Although a party or witness in civil litigation may invoke the Fifth Amendment, such invocation often comes at a high price, because, in contrast to the criminal context, the finder of fact in a civil case may draw an adverse inference against the party or witness who declines to provide evidence based on the Fifth Amendment privilege against self-incrimination. We discuss below a number of recent decisions from the Southern District of New York addressing when and how the Fifth Amendment can be invoked in civil litigation, and the ramifications to litigants when parties and non-party witnesses avail themselves of that privilege.

Nuts and Bolts

Although the Fifth Amendment is available in any proceeding in which a witness reasonably believes that his or her testimony “could be used in a criminal proceeding or could lead to other evidence that might be so used,” the privilege is not available to every litigant or witness in every circumstance. Andover Data Servs. v. Statistical Tabulating, 876 F.2d 1080, 1082 (quoting Kastigar v. United States, 406 U.S. 441, 444-45 (1972) (internal quotations omitted)). Southern District Judges Jesse M. Furman, Andrew L. Carter Jr. and Laura Taylor Swain each issued decisions within the past year discussing the threshold questions of who can invoke the privilege and under what circumstances.

Fear of Prosecution. Judge Furman's decision, in SPV-LS, LLS v. Herbst, 2016 WL 8711738 (S.D.N.Y. June 6, 2016), recounts the basic requirement that a party who refuses to provide evidence based on the Fifth Amendment “must have reasonable cause to apprehend that answering the question will provide the government with evidence to fuel a criminal prosecution” (id. at *1 (quoting OSRecovery v. One Groupe Int'l, 262 F. Supp. 2d 302, 306 (S.D.N.Y. 2003) (Kaplan, J.)), and that the danger must be real and not speculative. Id. (quoting Estate of Fisher v. Comm'r of IRS, 905 F.2d 645, 649 (2d.

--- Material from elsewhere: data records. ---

(* Let $1\le \ell\le k-1$, $n\ge 187k$, and let $G$ be an extremal graph as in the context. Then $\lambda(G)>\lfloor (n-2\ell)/2\rfloor> n/2-k$ and $e(G)\ge \frac{n^2}{4}-kn+k$.
   Context: Fix integers $1\le\ell\le k-1$ and $n\ge 187k$. Let $\mathcal{C}_{\ell,k}=\{C_3,C_5,\ldots,C_{2\ell-1},C_{2k+1}\}$ (for $\ell=1$, $\mathcal{C}_{1,k}=\{C_{2k+1}\}$). An extremal graph is an $n$-vertex non-bipartite graph $G$ containing no member of $\mathcal{C}_{\ell,k}$ as a subgraph and having the maximum spectral radius $\lambda(G)$ (largest adjacency eigenvalue) among all such graphs. $T_{m,2}$ is the balanced complete bipartite graph on $m$ vertices, and $C_{2\ell+1}(T_{n-2\ell,2})$ is the graph obtained by identifying a vertex of $C_{2\ell+1}$ with a vertex of the smaller part of $T_{n-2\ell,2}$; it is non-bipartite and $\mathcal{C}_{\ell,k}$-free, so $\lambda(G)\ge\lambda(C_{2\ell+1}(T_{n-2\ell,2}))$. $e(G)$ is the number of edges. *)

theory Defs
  imports Complex_Main "Jordan_Normal_Form.Char_Poly"
begin

definition simple_graph :: "nat \<Rightarrow> (nat \<Rightarrow> nat \<Rightarrow> bool) \<Rightarrow> bool" where
  "simple_graph n E \<longleftrightarrow> (\<forall>u v. E u v \<longrightarrow> u < n \<and> v < n \<and> u \<noteq> v \<and> E v u)"

definition num_edges :: "nat \<Rightarrow> (nat \<Rightarrow> nat \<Rightarrow> bool) \<Rightarrow> nat" where
  "num_edges n E = card {(u, v). u < v \<and> v < n \<and> E u v}"

definition bipartite :: "nat \<Rightarrow> (nat \<Rightarrow> nat \<Rightarrow> bool) \<Rightarrow> bool" where
  "bipartite n E \<longleftrightarrow> (\<exists>S. \<forall>u<n. \<forall>v<n. E u v \<longrightarrow> (u \<in> S \<longleftrightarrow> v \<notin> S))"

definition has_cycle :: "nat \<Rightarrow> (nat \<Rightarrow> nat \<Rightarrow> bool) \<Rightarrow> nat \<Rightarrow> bool" where
  "has_cycle n E m \<longleftrightarrow> 3 \<le> m \<and> (\<exists>f. inj_on f {0..<m} \<and> f ` {0..<m} \<subseteq> {0..<n} \<and>
       (\<forall>i<m. E (f i) (f (Suc i mod m))))"

definition Clk_free :: "nat \<Rightarrow> nat \<Rightarrow> nat \<Rightarrow> (nat \<Rightarrow> nat \<Rightarrow> bool) \<Rightarrow> bool" where
  "Clk_free l k n E \<longleftrightarrow> (\<forall>i. 1 \<le> i \<and> i \<le> l - 1 \<longrightarrow> \<not> has_cycle n E (2 * i + 1))
      \<and> \<not> has_cycle n E (2 * k + 1)"

definition adj_mat :: "nat \<Rightarrow> (nat \<Rightarrow> nat \<Rightarrow> bool) \<Rightarrow> real mat" where
  "adj_mat n E = mat n n (\<lambda>(i, j). if E i j then 1 else 0)"

definition spec_rad :: "nat \<Rightarrow> (nat \<Rightarrow> nat \<Rightarrow> bool) \<Rightarrow> real" where
  "spec_rad n E = Max {\<mu>. eigenvalue (adj_mat n E) \<mu>}"

definition extremal :: "nat \<Rightarrow> nat \<Rightarrow> nat \<Rightarrow> (nat \<Rightarrow> nat \<Rightarrow> bool) \<Rightarrow> bool" where
  "extremal l k n E \<longleftrightarrow> simple_graph n E \<and> \<not> bipartite n E \<and> Clk_free l k n E \<and>
     (\<forall>H. simple_graph n H \<and> \<not> bipartite n H \<and> Clk_free l k n H \<longrightarrow> spec_rad n H \<le> spec_rad n E)"

end

theory Submission
  imports Defs "Jordan_Normal_Form.Spectral_Radius"
begin

text \<open>The graph \<open>H\<close> obtained by gluing \<open>C\<^sub>2\<^sub>l\<^sub>+\<^sub>1\<close> to \<open>T\<^sub>n\<^sub>-\<^sub>2\<^sub>l\<^sub>,\<^sub>2\<close> (parts of sizes
  \<open>a = \<lfloor>(n - 2l)/2\<rfloor> \<le> b\<close>) is non-bipartite and \<open>\<C>\<^sub>l\<^sub>,\<^sub>k\<close>-free, since its only odd cycle is
  the glued one. A test vector extending the Perron vector of \<open>K\<^sub>a\<^sub>,\<^sub>b\<close> shows
  \<open>\<lambda>(H) > \<surd>(ab) \<ge> a\<close>, and \<open>\<lambda>(G) \<ge> \<lambda>(H)\<close> by extremality. For the edges, Cauchy--Schwarz on
  the eigenvalue equation gives \<open>\<lambda>(G)\<^sup>2 \<le> e(G) + max\<^sub>z e(G[N(z)])\<close>. A path on \<open>2k\<close> vertices
  inside \<open>N(z)\<close> would close through \<open>z\<close> to a \<open>C\<^sub>2\<^sub>k\<^sub>+\<^sub>1\<close>, so Erdos--Gallai gives
  \<open>e(G[N(z)]) \<le> (k - 1)(n - 1)\<close>; for \<open>l \<ge> 2\<close> the graph is triangle-free and the neighbourhoods
  are independent. Together with \<open>\<lambda>(G)\<^sup>2 > ab \<ge> ((n - 2l)\<^sup>2 - 1)/4\<close> this bounds \<open>e(G)\<close>.
  The Rayleigh principle for symmetric matrices is derived directly: a maximiser of the quadratic
  form on the unit sphere exists by compactness and is an eigenvector.\<close>

definition sq_norm :: "nat \<Rightarrow> (nat \<Rightarrow> real) \<Rightarrow> real" where
  "sq_norm n y = (\<Sum>i<n. (y i)^2)"

definition quad_form :: "nat \<Rightarrow> (nat \<Rightarrow> nat \<Rightarrow> real) \<Rightarrow> (nat \<Rightarrow> real) \<Rightarrow> real" where
  "quad_form n a y = (\<Sum>i<n. \<Sum>j<n. a i j * y i * y j)"

lemma sq_norm_nonneg: "0 \<le> sq_norm n y"
  unfolding sq_norm_def by (intro sum_nonneg) auto

lemma sq_norm_eq_0_iff: "sq_norm n y = 0 \<longleftrightarrow> (\<forall>i<n. y i = 0)"
  unfolding sq_norm_def by (subst sum_nonneg_eq_0_iff) auto

lemma square_le_sq_norm: "i < n \<Longrightarrow> (y i)^2 \<le> sq_norm n y"
  unfolding sq_norm_def by (intro member_le_sum) auto

lemma square_sum_le_card_mult_sum_squares:
  fixes f :: "'a \<Rightarrow> real"
  assumes "finite A"
  shows "(\<Sum>i\<in>A. f i)^2 \<le> real (card A) * (\<Sum>i\<in>A. (f i)^2)"
proof -
  have "(\<Sum>i\<in>A. f i)^2 = (\<Sum>i\<in>A. \<Sum>j\<in>A. f i * f j)"
    by (simp add: power2_eq_square sum_product)
  also have "\<dots> \<le> (\<Sum>i\<in>A. \<Sum>j\<in>A. ((f i)^2 + (f j)^2) / 2)"
  proof (intro sum_mono)
    fix i j show "f i * f j \<le> ((f i)^2 + (f j)^2) / 2"
      using sum_squares_ge_zero[of "f i - f j" 0] by (simp add: power2_eq_square algebra_simps)
  qed
  also have "\<dots> = real (card A) * (\<Sum>i\<in>A. (f i)^2)"
    by (simp add: sum.distrib add_divide_distrib sum_divide_distrib[symmetric] sum.swap[of _ A A]
        sum_distrib_left[symmetric] mult.commute)
  finally show ?thesis .
qed

lemma bounded_vector_sequence_convergent_subseq:
  fixes Y :: "nat \<Rightarrow> nat \<Rightarrow> real"
  assumes "\<And>j i. i < n \<Longrightarrow> \<bar>Y j i\<bar> \<le> B"
  shows "\<exists>r z. strict_mono r \<and> (\<forall>i<n. (\<lambda>j. Y (r j) i) \<longlonglongrightarrow> z i)"
  using assms
proof (induction n)
  case 0
  then show ?case by (intro exI[of _ id]) (auto simp: strict_mono_def)
next
  case (Suc n)
  then obtain r z where r: "strict_mono r" and z: "\<forall>i<n. (\<lambda>j. Y (r j) i) \<longlonglongrightarrow> z i"
    by force
  obtain r' where r': "strict_mono r'" and mono: "monoseq (\<lambda>j. Y (r (r' j)) n)"
    using seq_monosub[of "\<lambda>j. Y (r j) n"] by blast
  have "Bseq (\<lambda>j. Y (r (r' j)) n)"
    using Suc.prems by (intro BseqI'[of _ B]) auto
  then obtain L where L: "(\<lambda>j. Y (r (r' j)) n) \<longlonglongrightarrow> L"
    using mono Bseq_monoseq_convergent convergent_def by blast
  have "(\<lambda>j. Y (r (r' j)) i) \<longlonglongrightarrow> (z(n := L)) i" if "i < Suc n" for i
  proof (cases "i = n")
    case False
    then show ?thesis
      using LIMSEQ_subseq_LIMSEQ[OF z[rule_format] r', of i] that by (simp add: o_def)
  qed (use L in simp)
  then show ?case
    using strict_mono_o[OF r r', unfolded o_def]
    by (intro exI[of _ "r \<circ> r'"] exI[of _ "z(n := L)"]) simp
qed

lemma quad_form_le_sum_abs_mult_sq_norm:
  "quad_form n a y \<le> (\<Sum>i<n. \<Sum>j<n. \<bar>a i j\<bar>) * sq_norm n y"
proof -
  have "a i j * y i * y j \<le> \<bar>a i j\<bar> * sq_norm n y" if "i < n" "j < n" for i j
  proof -
    have "\<bar>y i * y j\<bar> \<le> ((y i)^2 + (y j)^2) / 2"
      using sum_squares_ge_zero[of "\<bar>y i\<bar> - \<bar>y j\<bar>" 0]
      by (simp add: power2_eq_square algebra_simps abs_mult)
    also have "\<dots> \<le> sq_norm n y"
      using square_le_sq_norm[OF that(1), of y] square_le_sq_norm[OF that(2), of y] by simp
    finally have "\<bar>a i j\<bar> * \<bar>y i * y j\<bar> \<le> \<bar>a i j\<bar> * sq_norm n y"
      by (intro mult_left_mono) auto
    moreover have "a i j * y i * y j \<le> \<bar>a i j\<bar> * \<bar>y i * y j\<bar>"
      by (metis abs_ge_self abs_mult mult.assoc)
    ultimately show ?thesis by linarith
  qed
  then have "quad_form n a y \<le> (\<Sum>i<n. \<Sum>j<n. \<bar>a i j\<bar> * sq_norm n y)"
    unfolding quad_form_def by (intro sum_mono) auto
  then show ?thesis by (simp add: sum_distrib_right)
qed

lemma tendsto_sq_norm_quad_form:
  assumes "\<forall>i<n. (\<lambda>j. Y j i) \<longlonglongrightarrow> z i"
  shows "(\<lambda>j. sq_norm n (Y j)) \<longlonglongrightarrow> sq_norm n z"
    and "(\<lambda>j. quad_form n a (Y j)) \<longlonglongrightarrow> quad_form n a z"
  unfolding sq_norm_def quad_form_def using assms
  by (auto intro!: tendsto_sum tendsto_mult tendsto_power tendsto_const)

lemma sq_norm_unit_vector: "0 < n \<Longrightarrow> sq_norm n (\<lambda>i. if i = 0 then 1 else 0) = 1"
  unfolding sq_norm_def by (simp add: if_distrib[of "\<lambda>x. x^2"] cong: if_cong)
(* Let $\mathcal{B}=\{1,\dots,|\mathcal{B}|\}$ be a finite set of bins and let $N$ data points $j=1,\dots,N$ each belong to exactly one bin $B(j)\in\mathcal{B}$. For $i\in\mathcal{B}$ let $\mathcal{U}_i=\{j: B(j)=i\}$ and assume $\mathcal{U}_i\neq\emptyset$ for every $i$. Let $P_i\in(0,1]$ for $i\in\mathcal{B}$, and let $O_1,\dots,O_N$ be independent Bernoulli random variables with $\mathbb{P}(O_j=1)=P_{B(j)}$. Set $\mathcal{S}_i=\{j\in\mathcal{U}_i: O_j=1\}$. Let $\mathcal{H}=\{\hat Y_1,\dots,\hat Y_{|\mathcal{H}|}\}$ be a finite set of predictions, and for each $\hat Y\in\mathcal{H}$ and each $j$ let $\delta_j(Y,\hat Y)\in[0,\Delta]$ be a fixed (non-random) loss value, where $\Delta>0$. Let $\tilde P_i>0$, $i\in\mathcal{B}$, be given numbers (estimated propensities). Define the true risk $$R(\hat Y)=\frac{1}{|\mathcal{B}|}\sum_{i=1}^{|\mathcal{B}|}\frac{1}{|\mathcal{U}_i|}\sum_{j\in\mathcal{U}_i}\delta_j(Y,\hat Y)$$ and the VIR estimator $$\hat R_{\mathrm{VIR}}(\hat Y\mid\tilde P)=\frac{1}{|\mathcal{B}|}\sum_{i=1}^{|\mathcal{B}|}\frac{1}{|\mathcal{U}_i|}\sum_{j\in\mathcal{S}_i}\frac{\delta_j(Y,\hat Y)}{\tilde P_i},$$ and let $\hat Y^{\mathrm{ERM}}\in\operatorname{argmin}_{\hat Y\in\mathcal{H}}\hat R_{\mathrm{VIR}}(\hat Y\mid\tilde P)$ (a random element of $\mathcal{H}$ depending on $O$). Then for every $\eta\in(0,1)$, with probability at least $1-\eta$ over $O$, $$R(\hat Y^{\mathrm{ERM}})\le \hat R_{\mathrm{VIR}}(\hat Y^{\mathrm{ERM}}\mid\tilde P)+\frac{\Delta}{|\mathcal{B}|}\sum_{i=1}^{|\mathcal{B}|}\Big|1-\frac{P_i}{\tilde P_i}\Big|+\frac{\Delta}{|\mathcal{B}|}\sqrt{\frac{\log(2|\mathcal{H}|/\eta)}{2}}\sqrt{\sum_{i=1}^{|\mathcal{B}|}\frac{1}{\tilde P_i^{2}}}.$$
   Context: This is the generalization bound for imbalanced regression: the label space is partitioned into equal-interval bins, an imbalanced dataset is modeled as the observed subset (indicators $O_j$) of a full dataset, with observation probability ("propensity") $P_i$ depending only on the bin. $\tilde P_i$ is the smoothed label distribution used in the training objective. *)

theory Defs
  imports "HOL-Probability.Probability"
begin

text \<open>Data points are 1..N, bins are 1..K; Bin j is the bin of data point j.\<close>

definition binU :: "nat \<Rightarrow> (nat \<Rightarrow> nat) \<Rightarrow> nat \<Rightarrow> nat set" where
  "binU N Bin i = {j \<in> {1..N}. Bin j = i}"

definition binS :: "nat \<Rightarrow> (nat \<Rightarrow> nat) \<Rightarrow> (nat \<Rightarrow> bool) \<Rightarrow> nat \<Rightarrow> nat set" where
  "binS N Bin obs i = {j \<in> binU N Bin i. obs j}"
theorem lemma3p9:
  fixes f :: "real^'n \<Rightarrow> real" and gradf :: "real^'n \<Rightarrow> real^'n"
    and h :: "real^'n \<Rightarrow> ereal" and psi :: "real^'n \<Rightarrow> real^'n \<Rightarrow> ereal"
    and Bf :: "real^'n \<Rightarrow> real^'n^'n"
    and x :: "nat \<Rightarrow> real^'n" and sigma nu rho :: "nat \<Rightarrow> real"
    and fh0 fh1 :: "nat \<Rightarrow> real" and gh :: "nat \<Rightarrow> real^'n"
    and shcp s :: "nat \<Rightarrow> real^'n" and xicp :: "nat \<Rightarrow> ereal"
    and kf kg gam1 gam2 gam3 eta1 eta2 th1 th2 sigmin :: real
  assumes f_grad: "\<And>y. (f has_derivative (\<lambda>v. inner (gradf y) v)) (at y)"
    and f_C1: "continuous_on UNIV gradf"
    and h_proper: "proper_fun h" and h_lsc: "lsc_fun h"
    and psi_proper: "\<And>y. proper_fun (psi y)" and psi_lsc: "\<And>y. lsc_fun (psi y)"
    and psi_0: "\<And>y. psi y 0 = h y"
    and psi_subdiff: "\<And>y. limiting_subdiff (psi y) 0 \<subseteq> limiting_subdiff h y"
    and psi_prox: "\<exists>lam>0. \<forall>y lam'. 0 < lam' \<and> lam' < lam \<longrightarrow>
                     (\<exists>c. \<forall>w. ereal c \<le> psi y w + ereal ((norm w)\<^sup>2 / (2 * lam')))"
    and B_sym: "\<And>y. transpose (Bf y) = Bf y"
    and params: "kf > 0" "kg > 0" "0 < gam3" "gam3 \<le> 1" "1 < gam1" "gam1 \<le> gam2"
      "0 < eta1" "eta1 \<le> eta2" "eta2 < 1" "0 < th1" "th1 < 1" "1 < th2"
      "sigmin > 4 * kf * th1 * th2\<^sup>2 / (eta1 * (1 - th1))" "sigma 0 \<ge> sigmin"
    and x0_dom: "h (x 0) \<noteq> \<infinity>"
    and nu_def: "\<And>k. nu k = th1 / (spec_norm (Bf (x k)) + sigma k)"
    and cauchy_descent: "\<And>k. m_cp (fh0 k) (gh k) (psi (x k)) (1 / nu k) (shcp k)
                               \<le> m_cp (fh0 k) (gh k) (psi (x k)) (1 / nu k) 0"
    and xicp_def: "\<And>k. xicp k = (ereal (phi_cp (fh0 k) (gh k) 0) + psi (x k) 0)
                               - (ereal (phi_cp (fh0 k) (gh k) (shcp k)) + psi (x k) (shcp k))"
    and step: "\<And>k. \<exists>t. m_model (fh0 k) (gh k) (Bf (x k)) (psi (x k)) (sigma k) t
                          \<le> m_model (fh0 k) (gh k) (Bf (x k)) (psi (x k)) (sigma k) (shcp k)
                     \<and> s k = (if norm t > th2 * norm (shcp k) then shcp k else t)"
    and rho_def: "\<And>k. rho k = ratio
         (ereal (fh0 k) + h (x k) - ereal (fh1 k) - h (x k + s k))
         (ereal (phi_m (fh0 k) (gh k) (Bf (x k)) 0) + psi (x k) 0
            - (ereal (phi_m (fh0 k) (gh k) (Bf (x k)) (s k)) + psi (x k) (s k)))"
    and x_update: "\<And>k. x (Suc k) = (if rho k \<ge> eta1 then x k + s k else x k)"
    and sigma_update: "\<And>k. \<exists>sg.
         (rho k \<ge> eta2 \<longrightarrow> gam3 * sigma k \<le> sg \<and> sg \<le> sigma k)
       \<and> (eta1 \<le> rho k \<and> rho k < eta2 \<longrightarrow> sigma k \<le> sg \<and> sg \<le> gam1 * sigma k)
       \<and> (rho k < eta1 \<longrightarrow> gam1 * sigma k \<le> sg \<and> sg \<le> gam2 * sigma k)
       \<and> sigma (Suc k) = max sg sigmin"
    and A1: "\<exists>L\<ge>0. \<forall>y v. \<bar>f (y + v) - f y - inner (gradf y) v\<bar> \<le> L / 2 * (norm v)\<^sup>2"
    and A2: "\<exists>kB>0. \<forall>k. spec_norm (Bf (x k)) \<le> kB"
    and A3: "\<exists>kh>0. \<forall>y v. (psi y v = \<infinity> \<longleftrightarrow> h (y + v) = \<infinity>) \<and>
               (psi y v \<noteq> \<infinity> \<longrightarrow>
                  \<bar>real_of_ereal (psi y v) - real_of_ereal (h (y + v))\<bar> \<le> kh * (norm v)\<^sup>2)"
    and A4: "\<And>k. ereal (phi_m (fh0 k) (gh k) (Bf (x k)) 0) + psi (x k) 0
               - (ereal (phi_m (fh0 k) (gh k) (Bf (x k)) (s k)) + psi (x k) (s k))
             \<ge> ereal (1 - th1) * xicp k"
    and A5: "\<exists>ks. 0 < ks \<and> ks \<le> 1 \<and> (\<forall>k.
               argmin_set (m_cp (fh0 k) (gh k) (psi (x k)) (1 / nu k)) \<noteq> {} \<and>
               norm (shcp k) \<ge> ks * Inf (norm ` argmin_set (m_cp (fh0 k) (gh k) (psi (x k)) (1 / nu k))))"
    and A6: "\<And>k. \<bar>f (x k) - fh0 k\<bar> \<le> kf * (norm (s k))\<^sup>2"
            "\<And>k. \<bar>f (x k + s k) - fh1 k\<bar> \<le> kf * (norm (s k))\<^sup>2"
            "\<And>k. norm (gradf (x k) - gh k) \<le> kg * norm (s k)"
    and A7: "\<exists>low. \<forall>y. ereal low \<le> ereal (f y) + h y"
  shows "\<exists>N. infinite N \<and> (\<exists>scp u.
           (\<forall>k\<in>N. scp k \<in> argmin_set (m_cp (fh0 k) (gh k) (psi (x k)) (1 / nu k))
                  \<and> u k \<in> (\<lambda>w. gradf (x k) + w) ` limiting_subdiff (psi (x k)) (scp k))
         \<and> (shcp \<longlongrightarrow> 0) (inf sequentially (principal N))
         \<and> (scp \<longlongrightarrow> 0) (inf sequentially (principal N))
         \<and> (s \<longlongrightarrow> 0) (inf sequentially (principal N))
         \<and> (u \<longlongrightarrow> 0) (inf sequentially (principal N)))"
proof -
  interpret ir2n_iteration f gradf h psi Bf x sigma nu rho fh0 fh1 gh shcp s xicp
      kf kg gam1 gam2 gam3 eta1 eta2 th1 th2 sigmin
    by unfold_locales (fact assms)+
  obtain ks scp where "0 < ks"
    and scp_argmin: "\<And>k. scp k \<in> argmin_set (m_cp (fh0 k) (gh k) (psi (x k)) (1 / nu k))"
    and scp_le: "\<And>k. norm (scp k) \<le> norm (shcp k) / ks + nu k / (real k + 1)"
    using exact_cauchy_steps by blast
  define u where "u k = gradf (x k) - gh k - (1 / nu k) *\<^sub>R scp k" for k
  obtain N where "infinite N" and criticality_lim: "(criticality \<longlongrightarrow> 0) (inf sequentially (principal N))"
    using criticality_nonneg criticality_frequently_small
    by (rule frequently_small_tendsto_zero_on_infinite_set)
  show ?thesis
  proof (intro exI conjI)
    show "infinite N" by fact
    show "\<forall>k\<in>N. scp k \<in> argmin_set (m_cp (fh0 k) (gh k) (psi (x k)) (1 / nu k))
           \<and> u k \<in> (\<lambda>w. gradf (x k) + w) ` limiting_subdiff (psi (x k)) (scp k)"
      unfolding u_def using scp_argmin exact_cauchy_step_residual_subgradient[OF scp_argmin] by blast
    have "norm (shcp k) \<le> 1 * criticality k" for k
      using norm_cauchy_step_le_criticality by simp
    then show "(shcp \<longlongrightarrow> 0) (inf sequentially (principal N))"
      using criticality_lim by (rule tendsto_zero_if_norm_le_mult)
    show "(scp \<longlongrightarrow> 0) (inf sequentially (principal N))"
      using exact_cauchy_step_norm_le_criticality[OF \<open>0 < ks\<close> scp_le] criticality_lim
      by (rule tendsto_zero_if_norm_le_mult)
    show "(s \<longlongrightarrow> 0) (inf sequentially (principal N))"
      using norm_step_le_criticality criticality_lim by (rule tendsto_zero_if_norm_le_mult)
    show "(u \<longlongrightarrow> 0) (inf sequentially (principal N))"
      using residual_norm_le_criticality[OF \<open>0 < ks\<close> scp_le] criticality_lim unfolding u_def[symmetric]
      by (rule tendsto_zero_if_norm_le_mult)
  qed
qed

Cir. 1990) (internal citations omitted)). Judge Furman instructed that the magistrate judge who was to supervise the deposition in that case, should “scrutinize” each question and the defendant-witness's proffered explanations for assertion of the privilege, noting that innocuous questions that had no connection to a reasonable fear of prosecution should be answered.

Applying these principles in Hansen v. WWebnet, 2017 WL 1032268 (S.D.N.Y. March 16, 2017), Judge Carter denied a motion to compel deposition testimony of a non-party witness brought by both parties to that action. Because the witness had previously pled guilty to the fraud at the center of the plaintiff's claims, both plaintiff and defendant objected to the witness's invocation of the Fifth Amendment, arguing that he could not reasonably fear future prosecution inasmuch as he already had been prosecuted for those activities. After reviewing the transcript of the deposition at which the witness declined to answer questions based on the Fifth Amendment, Judge Carter accepted the witness's assertion that he continued to have a reasonable fear of prosecution despite his guilty plea, because he could still be prosecuted for tax evasion as well as for activities after the period covered by his prosecution. Judge Carter denied the motion to compel, concluding that the responses sought by the parties “could create a link in the chain of evidence needed to prosecute” the witness and thus fell squarely within the parameters of the Fifth Amendment. Id. at *3 (quoting Sharma v. New Opal, 2005 WL 1086459 (S.D.N.Y. May 6, 2005) (Katz, M.J.)).